Seeking Alpha and The Original Sin of Finance
Mexico’s $270 Billion Opportunity for Redemption
In Man’s Search for Meaning, Viktor Frankl describes a moment inside the concentration camp when everything familiar had already been stripped away, name, profession, dignity, future. What remained was hunger, cold, and the constant presence of death. And yet, Frankl noticed something unsettling: even there, in a place designed to annihilate meaning, some prisoners survived differently. Not because they were stronger, or smarter, or more optimistic, but because they found something to live for. A memory. A loved one. A sentence not yet written. In a world where suffering was unavoidable, meaning became the last form of freedom.
There is something inside every human being that searches for meaning. Aristotle believed we naturally move toward fulfillment, toward becoming what we already are in potential. Plato saw improvement as a longing for something lost, a faint memory of a more perfect reality. Hobbes reduced improvement to endless desire, motion without rest, while Schopenhauer argued that striving itself is the source of suffering: achievement only quiets the will for a moment before it demands more. Sartre reminded us there is no finished human essence, only perpetual becoming.
There is no place where this desire for improvement is more visible than in economics. Countries, as expressions of collective human will, seek improvement through GDP growth. Individuals seek it through alpha in capital markets.
Alpha is often described as outperforming the S&P 500, the most common yardstick of “average” market performance. But at its core, alpha is the quiet difference between keeping pace and pulling ahead. It is improvement over the standard, excess return earned not by chance, but by intention. In a world defined by averages, alpha is the choice to see more clearly, act more precisely, and achieve results that rise above what the market considers normal.
But between 1920 and 1930, an original sin was committed. Alpha, our ability to improve economically as individuals, was captured and locked away in the dark.
Before the Great Depression, there was little distinction between public and private investing from an access standpoint. Ordinary individuals invested directly in private partnerships, early-stage companies, real estate syndicates, and highly leveraged trusts. When the 1929 crash came, retail investors were wiped out, not just by stocks, but by opaque pooled vehicles they did not understand.
The regulatory response that followed, the creation of the SEC and the Investment Act of 1940 split markets in two. Public markets were designed for universal access and protection; private markets were reserved for those deemed capable of absorbing losses and complexity. Wealth became a crude proxy for sophistication. Over time, long-duration, compounding alpha concentrated inside private vehicles accessible mainly to institutions, family offices, and high-net-worth individuals.
As public markets became more efficient and returns more compressed, the restriction created a visible gap. Alpha was everywhere in conversation, but structurally inaccessible in practice. Our ability to improve was not eliminated, it was displaced.
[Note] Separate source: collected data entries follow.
(* Fix $K\ge1$ and $\alpha,\beta_1,\beta_2>0$. There exists a constant $C$ such that for all $n\ge2$ and every symmetric $0/1$ matrix $A$ of size $n\times n$ with zero diagonal, $$\max_{e\in\{1,\dots,K\}^n}\big|Q_B(e)-Q_{ML}(e)-Q_P(e)\big|\le\frac{C\log n}{n^2},$$ where $Q_P(e)=\frac1{n^2}\sum_{a:\,n_a(e)+\lfloor\alpha\rfloor\ge2}n_a(e)\log n_a(e)-\frac1n$. Consequently $\max_{e}|Q_B(e)-Q_{ML}(e)|=O(\log n/n)$.
   Context: For a labelling $e$: $n_a(e)=\#\{i:e_i=a\}$; $O_{ab}(e)=\sum_{i,j}A_{ij}1\{e_i=a,e_j=b\}$ for $a\ne b$, $O_{aa}(e)=\sum_{i<j}A_{ij}1\{e_i=e_j=a\}$; $n_{ab}(e)=n_a(e)n_b(e)$ for $a\ne b$, $n_{aa}(e)=\frac12n_a(e)(n_a(e)-1)$. Bayesian modularity: $Q_B(e)=\frac1{n^2}\sum_{1\le a\le b\le K}\log B\big(O_{ab}(e)+\beta_1,n_{ab}(e)-O_{ab}(e)+\beta_2\big)+\frac1{n^2}\sum_{a=1}^K\log\Gamma(n_a(e)+\alpha)$, $B$ the beta function. Likelihood modularity: $Q_{ML}(e)=\frac1{n^2}\sum_{1\le a\le b\le K}n_{ab}(e)\,\tau\big(O_{ab}(e)/n_{ab}(e)\big)$ with $\tau(x)=x\log x+(1-x)\log(1-x)$, $0\log0=0$, and terms with $n_{ab}(e)=0$ taken as $0$. *)

theory Defs
  imports "HOL-Analysis.Analysis"
begin

definition labelling :: "nat \<Rightarrow> nat \<Rightarrow> (nat \<Rightarrow> nat) \<Rightarrow> bool" where
  "labelling K n e \<longleftrightarrow> (\<forall>i<n. e i \<in> {1..K})"

definition adj_matrix :: "nat \<Rightarrow> (nat \<Rightarrow> nat \<Rightarrow> real) \<Rightarrow> bool" where
  "adj_matrix n A \<longleftrightarrow> (\<forall>i<n. \<forall>j<n. A i j \<in> {0,1} \<and> A i j = A j i) \<and> (\<forall>i<n. A i i = 0)"
(* Let $\Omega\subseteq\mathbb{R}^n$ be a domain and $\Psi:\Omega\to\mathbb{R}$ a strongly convex function bounded in $C^4$ (defining the Hessian metric $g=\sum\Psi_{ij}dx_idx_j$). Then there exists $\epsilon_0>0$ such that every Euclidean ball $B(p,\epsilon)\subseteq\Omega$ with $p\in\Omega$ and $\epsilon<\epsilon_0$ (in the primal coordinates $x$) is convex when expressed in the dual coordinates $\theta=\nabla\Psi$, i.e. $\nabla\Psi(B(p,\epsilon))$ is a convex subset of $\mathbb{R}^n$.
   Context: Strongly convex: the Hessian of $\Psi$ is bounded below by a positive multiple of the identity. Bounded in $C^4$: all partial derivatives of $\Psi$ up to order 4 are uniformly bounded on $\Omega$. Dual coordinates: $\theta^i=\partial\Psi/\partial x^i$. *)

theory Defs
  imports "HOL-Analysis.Analysis"
begin

fun iter_partial :: "'a::euclidean_space list \<Rightarrow> ('a \<Rightarrow> real) \<Rightarrow> 'a \<Rightarrow> real" where
  "iter_partial [] f = f"
| "iter_partial (i # is) f = (\<lambda>x. frechet_derivative (iter_partial is f) (at x) i)"

definition Ck_on :: "nat \<Rightarrow> 'a::euclidean_space set \<Rightarrow> ('a \<Rightarrow> real) \<Rightarrow> bool" where
  "Ck_on k S f \<longleftrightarrow>
     (\<forall>is. set is \<subseteq> Basis \<and> length is < k \<longrightarrow> iter_partial is f differentiable_on S) \<and>
     (\<forall>is. set is \<subseteq> Basis \<and> length is \<le> k \<longrightarrow> continuous_on S (iter_partial is f))"

definition bounded_Ck_on :: "nat \<Rightarrow> 'a::euclidean_space set \<Rightarrow> ('a \<Rightarrow> real) \<Rightarrow> bool" where
  "bounded_Ck_on k S f \<longleftrightarrow> Ck_on k S f \<and>
     (\<exists>M. \<forall>is. set is \<subseteq> Basis \<and> length is \<le> k \<longrightarrow> (\<forall>x\<in>S. \<bar>iter_partial is f x\<bar> \<le> M))"

definition hess_form :: "('a::euclidean_space \<Rightarrow> real) \<Rightarrow> 'a \<Rightarrow> 'a \<Rightarrow> real" where
  "hess_form f x v = (\<Sum>i\<in>Basis. \<Sum>j\<in>Basis. (v \<bullet> i) * (v \<bullet> j) * iter_partial [i, j] f x)"

definition strongly_convex_hess :: "'a::euclidean_space set \<Rightarrow> ('a \<Rightarrow> real) \<Rightarrow> bool" where
  "strongly_convex_hess S f \<longleftrightarrow>
     (\<exists>c>0. \<forall>x\<in>S. \<forall>v. hess_form f x v \<ge> c * (norm v)\<^sup>2)"

definition grad :: "('a::euclidean_space \<Rightarrow> real) \<Rightarrow> 'a \<Rightarrow> 'a" where
  "grad f x = (\<Sum>i\<in>Basis. iter_partial [i] f x *\<^sub>R i)"

end

theory Submission
  imports Defs
begin

(* Fix theta = (1 - t) grad Psi x0 + t grad Psi x1 and minimise Psi z - theta . z over the closed
   ball cball p r. At a minimiser y, theta - grad Psi y lies in the normal cone of the ball, so a
   minimiser in the open ball gives theta = grad Psi y. A minimiser on the sphere is impossible:
   there theta - grad Psi y = mu (y - p) with mu >= 0 and, for the solution n of the transposed
   equation (D grad Psi y)^T n = y - p, the first-order Taylor estimate with a K-Lipschitz Hessian
   puts grad Psi ` ball p r, hence also its convex combination theta, into the open half-space
   (eta - grad Psi y) . n < 0 as soon as 2 K r <= c (c the strong convexity constant), whereas
   (y - p) . n >= 0. Strong convexity and bounded third derivatives make c and K uniform on Omega. *)

lemma has_derivative_min_on_convex_nonneg:
  fixes f :: "'a::real_normed_vector \<Rightarrow> real"
  assumes "convex S" "y \<in> S" "x \<in> S"
    and deriv: "(f has_derivative f') (at y)"
    and minimum: "\<And>z. z \<in> S \<Longrightarrow> f y \<le> f z"
  shows "f' (x - y) \<ge> 0"
proof (rule ccontr)
  assume "\<not> f' (x - y) \<ge> 0"
  then have "f' (x - y) < 0"
    by simp
  have "((\<lambda>s. y + s *\<^sub>R (x - y)) has_derivative (\<lambda>s. s *\<^sub>R (x - y))) (at 0)"
    by (intro derivative_eq_intros) auto
  then have "((\<lambda>s. f (y + s *\<^sub>R (x - y))) has_derivative (\<lambda>s. f' (s *\<^sub>R (x - y)))) (at 0)"
    by (rule has_derivative_compose) (simp add: deriv)
  then have line: "((\<lambda>s. f (y + s *\<^sub>R (x - y))) has_real_derivative f' (x - y)) (at 0)"
    using has_derivative_linear[OF deriv]
    by (simp add: has_field_derivative_def linear_scale mult_commute_abs)
  from DERIV_neg_dec_right[OF line \<open>f' (x - y) < 0\<close>] obtain d where "d > 0"
    and dec: "\<And>h. 0 < h \<Longrightarrow> h < d \<Longrightarrow> f (y + h *\<^sub>R (x - y)) < f y"
    by auto
  define h where "h = min (d / 2) 1"
  have h: "0 < h" "h < d" "h \<le> 1"
    using \<open>d > 0\<close> by (auto simp: h_def)
  have "y + h *\<^sub>R (x - y) = (1 - h) *\<^sub>R y + h *\<^sub>R x"
    by (simp add: algebra_simps)
  then have "y + h *\<^sub>R (x - y) \<in> S"
    using convexD_alt[OF assms(1-3), of h] h by simp
  then show False
    using minimum dec[OF h(1,2)] by fastforce
qed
Crypto, SPACs, meme stocks, NFTs, leveraged options: these functioned as synthetic private markets. Permissionless access to convex payoffs, early-stage narratives, and asymmetric upside, without gatekeepers. They replicated the emotional and payoff profile of venture investing, but without its positive-sum foundation or institutional safeguards.
The same logic explains the explosion of sports betting and other high-variance activities. When people are blocked from participating in productive, long-duration ownership, they migrate toward short-term variance, even when expected value is negative. Across crypto, betting, and speculative trading, the pattern is consistent: alpha denied does not disappear; it mutates.
Nowhere is this more evident than in Mexico, Banks manage roughly $270 billion in assets, invested primarily in government debt and fixed-income products that, over time, have generated returns below the S&P 500, negative alpha. But the problem is not only low returns. The average Mexican investor pays active management fees for products that are effectively passive, a widespread practice of closet indexing. The result is a fee industry of nearly $4 billion, one of the largest revenue streams for Mexican banks, in which individual effort does not translate into progress, but into capture.
This brings us to our last philosopher. Byung-Chul Han names the pathology clearly: improvement has turned into self-exploitation. The tragedy is not that we seek to become better, but that we have forgotten what becoming was meant to serve.
And yet, light is beginning to break through. Evergreen and semi-liquid funds are emerging and with that platforms are lowering minimums and expanding access to private markets. In Mexico alone, investment fund clients have grown from 3 million to more than 16 million in five years.
At Nazca, we are studying this shift closely. We believe society is approaching a moment of absolution, a chance to undo the original sin and recover something essential. As Viktor Frankl observed in the darkest conditions imaginable, freedom does not vanish when everything is taken away; it survives as the ability to choose what gives life meaning. Reclaiming alpha is not merely about outperforming a benchmark or the S&P 500. It is about refusing to let progress survive without purpose, and choosing meaning as a tool for freedom.